Surface Composition Analysis of a Degraded Copper Plate and Scrapings from The Inner Surface of An SRF Coupler

Transcription

1 Surface Composition Analysis of a Degraded Copper Plate and Scrapings from The Inner Surface of An SRF Coupler Abstract: Andy T. Wu, K. Wilson, M. Wiseman, and I. Campisi Measurements have been undertaken to determine the composition of surface layer of a contaminated copper plate used in a superconducting radio frequency (SRF) coupler and chemical composition of scrapings from the inner surface of an SRF coupler employing a scanning electron microscope and an energy dispersive x-ray spectrometry.

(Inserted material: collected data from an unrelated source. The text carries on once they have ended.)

(* Let $H$ be a non-degenerate Hermitian form on $\mathbb{C}^n\times\mathbb{C}^n$ with values in $\mathbb{R}^k$. Then $\dim_{\mathbb{R}}\mathfrak g_H^2=\dim_{\mathbb{R}}\tilde{\mathfrak g}_H^2$.
   Context: $H=(H^1,\dots,H^k)$ is complex-linear in the first argument and antilinear in the second; non-degenerate means (i) $H^1,\dots,H^k$ are $\mathbb{R}$-linearly independent and (ii) $H(z,z')=0$ for all $z'$ implies $z=0$. Coordinates $z\in\mathbb{C}^n$, $w\in\mathbb{C}^k$; $v\frac{\partial}{\partial z}=\sum_j v_j\frac{\partial}{\partial z_j}$. The following real spaces of holomorphic vector fields on $\mathbb{C}^{n+k}$, with the bracket of vector fields, are graded pieces of the Lie algebra $\mathfrak g_H$ of infinitesimal automorphisms of $Q_H=\{\operatorname{Im}w=H(z,z)\}$: $\mathfrak g_H^{-2}=\{q\frac{\partial}{\partial w}:q\in\mathbb{R}^k\}$; $\mathfrak g_H^{-1}=\{p\frac{\partial}{\partial z}+2iH(z,p)\frac{\partial}{\partial w}:p\in\mathbb{C}^n\}$; $\mathfrak g_H^0=\{Cz\frac{\partial}{\partial z}+sw\frac{\partial}{\partial w}\}$ with $C\in M(n,\mathbb{C})$, $s\in M(k,\mathbb{R})$, $2\operatorname{Re}H(Cz,z)=sH(z,z)$ for all $z$; $\mathfrak g_H^2=\{B(z,w)\frac{\partial}{\partial z}+r(w,w)\frac{\partial}{\partial w}\}$ with $B$ a $\mathbb{C}^n$-valued complex bilinear form on $\mathbb{C}^n\times\mathbb{C}^k$, $r$ a $\mathbb{C}^k$-valued symmetric complex bilinear form on $\mathbb{C}^k\times\mathbb{C}^k$, satisfying $\operatorname{Re}H(B(z,u),z)=r(H(z,z),u)$ and $\operatorname{Im}H(B(z,H(z,z)),z)=0$ for all $z\in\mathbb{C}^n$, $u\in\mathbb{R}^k$. Tanaka prolongation: $\tilde{\mathfrak g}_H^0=\mathfrak g_H^0$, $\tilde{\mathfrak g}_H^{-1}=\mathfrak g_H^{-1}$, $\tilde{\mathfrak g}_H^{-2}=\mathfrak g_H^{-2}$. For $L=1,2$, $\tilde{\mathfrak g}_H^L$ is the real vector space of linear maps $X_L:\mathfrak g_H^{-1}\to\tilde{\mathfrak g}_H^{L-1}$ for which there exists a linear map $X_L':\mathfrak g_H^{-2}\to\tilde{\mathfrak g}_H^{L-2}$ with $[X_L(X_{-1}),Y_{-1}]-[X_L(Y_{-1}),X_{-1}]=X_L'([X_{-1},Y_{-1}])$ and $[X_L'(X_{-2}),X_{-1}]=[X_L(X_{-1}),X_{-2}]$ for all $X_{-1},Y_{-1}\in\mathfrak g_H^{-1}$, $X_{-2}\in\mathfrak g_H^{-2}$. Here brackets among $\mathfrak g_H^{-2},\mathfrak g_H^{-1},\mathfrak g_H^0$ are those of vector fields, and for $X_1\in\tilde{\mathfrak g}_H^1$ one sets $[X_1,X_{-1}]=X_1(X_{-1})=-[X_{-1},X_1]$, $[X_1,X_{-2}]=X_1'(X_{-2})=-[X_{-2},X_1]$. *)

theory Defs
  imports "HOL-Analysis.Analysis" "HOL-Library.Function_Algebras"
begin

text \<open>Points of C^(n+k) are pairs (z,w) with z in C^n, w in C^k; holomorphic vector
  fields are represented by their coefficient maps C^(n+k) -> C^(n+k).\<close>

type_synonym ('n,'k) pt = "(complex^'n) \<times> (complex^'k)"
type_synonym ('n,'k) vf = "('n,'k) pt \<Rightarrow> ('n,'k) pt"

definition vf_bracket :: "('n::finite,'k::finite) vf \<Rightarrow> ('n,'k) vf \<Rightarrow> ('n,'k) vf" where
  "vf_bracket X Y = (\<lambda>p. frechet_derivative Y (at p) (X p) - frechet_derivative X (at p) (Y p))"

definition clin :: "(complex^'a \<Rightarrow> complex^'b) \<Rightarrow> bool" where
  "clin f \<longleftrightarrow> (\<forall>x y. f (x + y) = f x + f y) \<and> (\<forall>c x. f (c *s x) = c *s f x)"

definition cbilin :: "(complex^'a \<Rightarrow> complex^'b \<Rightarrow> complex^'c) \<Rightarrow> bool" where
  "cbilin B \<longleftrightarrow> (\<forall>w. clin (\<lambda>z. B z w)) \<and> (\<forall>z. clin (B z))"

definition hermitian_form :: "(complex^'n \<Rightarrow> complex^'n \<Rightarrow> complex^'k) \<Rightarrow> bool" where
  "hermitian_form H \<longleftrightarrow>
     (\<forall>z'. clin (\<lambda>z. H z z')) \<and>
     (\<forall>z z1 z2. H z (z1 + z2) = H z z1 + H z z2) \<and>
     (\<forall>z c z'. H z (c *s z') = cnj c *s H z z') \<and>
     (\<forall>z z'. H z' z = (\<chi> j. cnj (H z z' $ j)))"

definition nondegenerate :: "(complex^'n \<Rightarrow> complex^'n \<Rightarrow> complex^'k) \<Rightarrow> bool" where
  "nondegenerate H \<longleftrightarrow>
     (\<forall>a::real^'k. (\<forall>z z'. (\<Sum>j\<in>UNIV. complex_of_real (a $ j) * (H z z' $ j)) = 0) \<longrightarrow> a = 0) \<and>
     (\<forall>z. (\<forall>z'. H z z' = 0) \<longrightarrow> z = 0)"

definition rvec :: "real^'k \<Rightarrow> complex^'k" where
  "rvec q = (\<chi> j. complex_of_real (q $ j))"

definition rmat :: "real^'k^'k \<Rightarrow> complex^'k \<Rightarrow> complex^'k" where
  "rmat s w = (\<chi> j. \<Sum>l\<in>UNIV. complex_of_real (s $ j $ l) * w $ l)"

definition g_m2 :: "(complex^'n \<Rightarrow> complex^'n \<Rightarrow> complex^'k) \<Rightarrow> ('n::finite,'k::finite) vf set" where
  "g_m2 H = {(\<lambda>(z,w). (0, rvec q)) | q. True}"

definition g_m1 :: "(complex^'n \<Rightarrow> complex^'n \<Rightarrow> complex^'k) \<Rightarrow> ('n::finite,'k::finite) vf set" where
  "g_m1 H = {(\<lambda>(z,w). (p, (2 * \<i>) *s H z p)) | p. True}"

definition g_0 :: "(complex^'n \<Rightarrow> complex^'n \<Rightarrow> complex^'k) \<Rightarrow> ('n::finite,'k::finite) vf set" where
  "g_0 H = {(\<lambda>(z,w). (C *v z, rmat s w)) | (C :: complex^'n^'n) (s :: real^'k^'k).
              \<forall>z. (2::real) *\<^sub>R (\<chi> j. Re (H (C *v z) z $ j)) = s *v (\<chi> j. Re (H z z $ j))}"

definition g_2 :: "(complex^'n \<Rightarrow> complex^'n \<Rightarrow> complex^'k) \<Rightarrow> ('n::finite,'k::finite) vf set" where
  "g_2 H = {(\<lambda>(z,w). (B z w, r w w)) | (B :: complex^'n \<Rightarrow> complex^'k \<Rightarrow> complex^'n)
              (r :: complex^'k \<Rightarrow> complex^'k \<Rightarrow> complex^'k).
              cbilin B \<and> cbilin r \<and> (\<forall>u v. r u v = r v u) \<and>
              (\<forall>z (u::real^'k). (\<chi> j. complex_of_real (Re (H (B z (rvec u)) z $ j))) = r (H z z) (rvec u)) \<and>
              (\<forall>z j. Im (H (B z (H z z)) z $ j) = 0)}"

definition vscale :: "real \<Rightarrow> ('n::finite,'k::finite) vf \<Rightarrow> ('n,'k) vf" where
  "vscale c X = (\<lambda>p. c *\<^sub>R X p)"

definition vscale2 :: "real \<Rightarrow> (('n::finite,'k::finite) vf \<Rightarrow> ('n,'k) vf) \<Rightarrow> (('n,'k) vf \<Rightarrow> ('n,'k) vf)" where
  "vscale2 c F = (\<lambda>A. vscale c (F A))"

definition vscale3 :: "real \<Rightarrow> (('n::finite,'k::finite) vf \<Rightarrow> (('n,'k) vf \<Rightarrow> ('n,'k) vf)) \<Rightarrow> (('n,'k) vf \<Rightarrow> (('n,'k) vf \<Rightarrow> ('n,'k) vf))" where
  "vscale3 c X = (\<lambda>A. vscale2 c (X A))"

definition lin_on :: "'a set \<Rightarrow> (real \<Rightarrow> 'a \<Rightarrow> 'a) \<Rightarrow> (real \<Rightarrow> 'b \<Rightarrow> 'b) \<Rightarrow> ('a::plus \<Rightarrow> 'b::plus) \<Rightarrow> bool" where
  "lin_on S scA scB f \<longleftrightarrow> (\<forall>x\<in>S. \<forall>y\<in>S. f (x + y) = f x + f y) \<and> (\<forall>c. \<forall>x\<in>S. f (scA c x) = scB c (f x))"

definition tanaka1_cond :: "(complex^'n \<Rightarrow> complex^'n \<Rightarrow> complex^'k) \<Rightarrow> (('n::finite,'k::finite) vf \<Rightarrow> ('n,'k) vf) \<Rightarrow> (('n,'k) vf \<Rightarrow> ('n,'k) vf) \<Rightarrow> bool" where
  "tanaka1_cond H X1 X1' \<longleftrightarrow>
     (\<forall>Q\<in>g_m2 H. X1' Q \<in> g_m1 H) \<and> lin_on (g_m2 H) vscale vscale X1' \<and>
     (\<forall>A\<in>g_m1 H. \<forall>B\<in>g_m1 H. vf_bracket (X1 A) B - vf_bracket (X1 B) A = X1' (vf_bracket A B)) \<and>
     (\<forall>Q\<in>g_m2 H. \<forall>A\<in>g_m1 H. vf_bracket (X1' Q) A = vf_bracket (X1 A) Q)"

text \<open>First prolongation: linear maps g^{-1} -> g^0 (extended by 0 outside g^{-1}).\<close>
definition tg1 :: "(complex^'n \<Rightarrow> complex^'n \<Rightarrow> complex^'k) \<Rightarrow> (('n::finite,'k::finite) vf \<Rightarrow> ('n,'k) vf) set" where
  "tg1 H = {X1. (\<forall>A. A \<notin> g_m1 H \<longrightarrow> X1 A = 0) \<and> (\<forall>A\<in>g_m1 H. X1 A \<in> g_0 H) \<and>
              lin_on (g_m1 H) vscale vscale X1 \<and> (\<exists>X1'. tanaka1_cond H X1 X1')}"

text \<open>The map X_1' associated to X_1 (it is unique), giving [X_1, X_{-2}] = X_1'(X_{-2}).\<close>
definition prime1 :: "(complex^'n \<Rightarrow> complex^'n \<Rightarrow> complex^'k) \<Rightarrow> (('n::finite,'k::finite) vf \<Rightarrow> ('n,'k) vf) \<Rightarrow> (('n,'k) vf \<Rightarrow> ('n,'k) vf)" where
  "prime1 H X1 = (SOME X1'. tanaka1_cond H X1 X1')"

text \<open>Second prolongation: linear maps g^{-1} -> tg^1 (extended by 0 outside g^{-1}).\<close>
definition tg2 :: "(complex^'n \<Rightarrow> complex^'n \<Rightarrow> complex^'k) \<Rightarrow> (('n::finite,'k::finite) vf \<Rightarrow> (('n,'k) vf \<Rightarrow> ('n,'k) vf)) set" where
  "tg2 H = {X2. (\<forall>A. A \<notin> g_m1 H \<longrightarrow> X2 A = 0) \<and> (\<forall>A\<in>g_m1 H. X2 A \<in> tg1 H) \<and>
              lin_on (g_m1 H) vscale vscale2 X2 \<and>
              (\<exists>X2'. (\<forall>Q\<in>g_m2 H. X2' Q \<in> g_0 H) \<and> lin_on (g_m2 H) vscale vscale X2' \<and>
                 (\<forall>A\<in>g_m1 H. \<forall>B\<in>g_m1 H. X2 A B - X2 B A = X2' (vf_bracket A B)) \<and>
                 (\<forall>Q\<in>g_m2 H. \<forall>A\<in>g_m1 H. vf_bracket (X2' Q) A = prime1 H (X2 A) Q))}"

end

theory Submission
  imports Defs
begin

text \<open>Write A_p, Q_q and G(C,s) for the elements of g^-1, g^-2 and g^0. The map Phi sending
  X = B(z,w) d/dz + r(w,w) d/dw in g^2 to (A, A') \<mapsto> [[X, A], A'] is real-linear from g^2 to the
  second prolongation; we show it is bijective, so the dimensions agree (no finiteness is needed).

  Injectivity: the antisymmetric part of [[X, A_p], A_p'] is B(z, Im H(p,p')) up to a factor, the
  vectors Im H(p,p') span R^k by non-degeneracy, and r is determined by B through
  Re H(B(z,u),z) = r(H(z,z),u), the H(z,z) spanning R^k as well.

  Surjectivity: an element X2 of the prolongation is determined by the map q \<mapsto> (D_q, t_q) with
  X2'(Q_q) = G(D_q, t_q), because the difference of two candidates is a totally symmetric trilinear
  map which is skew-adjoint for H, hence zero. Conversely B(z,w) = -D_(Re w) z - i D_(Im w) z,
  together with the r obtained from t, lies in g^2 and has an image with the same D, which is
  therefore X2. The one delicate condition, Im H(B(z, H(z,z)), z) = 0, follows from the Tanaka
  identities evaluated at the pairs (x, x) and (i x, i x).\<close>

section \<open>Complex vectors, matrices and polarization\<close>

lemma scaleR_vec_complex: "(c::real) *\<^sub>R (v::complex^'n) = complex_of_real c *s v"
  by (vector scaleR_conv_of_real)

It is found that one surface of the copper plate is seriously degraded with typical composition of oxygen, sulfur, and copper presumably in the forms of CuO and CuSO 4. The other surface has typical composition of oxygen and copper in the form of CuO with small areas of almost pure copper covered by a surface layer of oxide with a thickness less than a few micrometers. For the scrapings, they can be mainly divided into two types. One is Cu with CuO surface cover. The other is presumably a mixture of stainless steel and Cu and CuO and CuSO 4. By using some suitable pickling technique, the degraded layer on the surfaces of the copper plate can be removed, at least on the less degraded side. It is suggested that the environment for processing SRF couples may need to be controlled in order to make good SRF couplers.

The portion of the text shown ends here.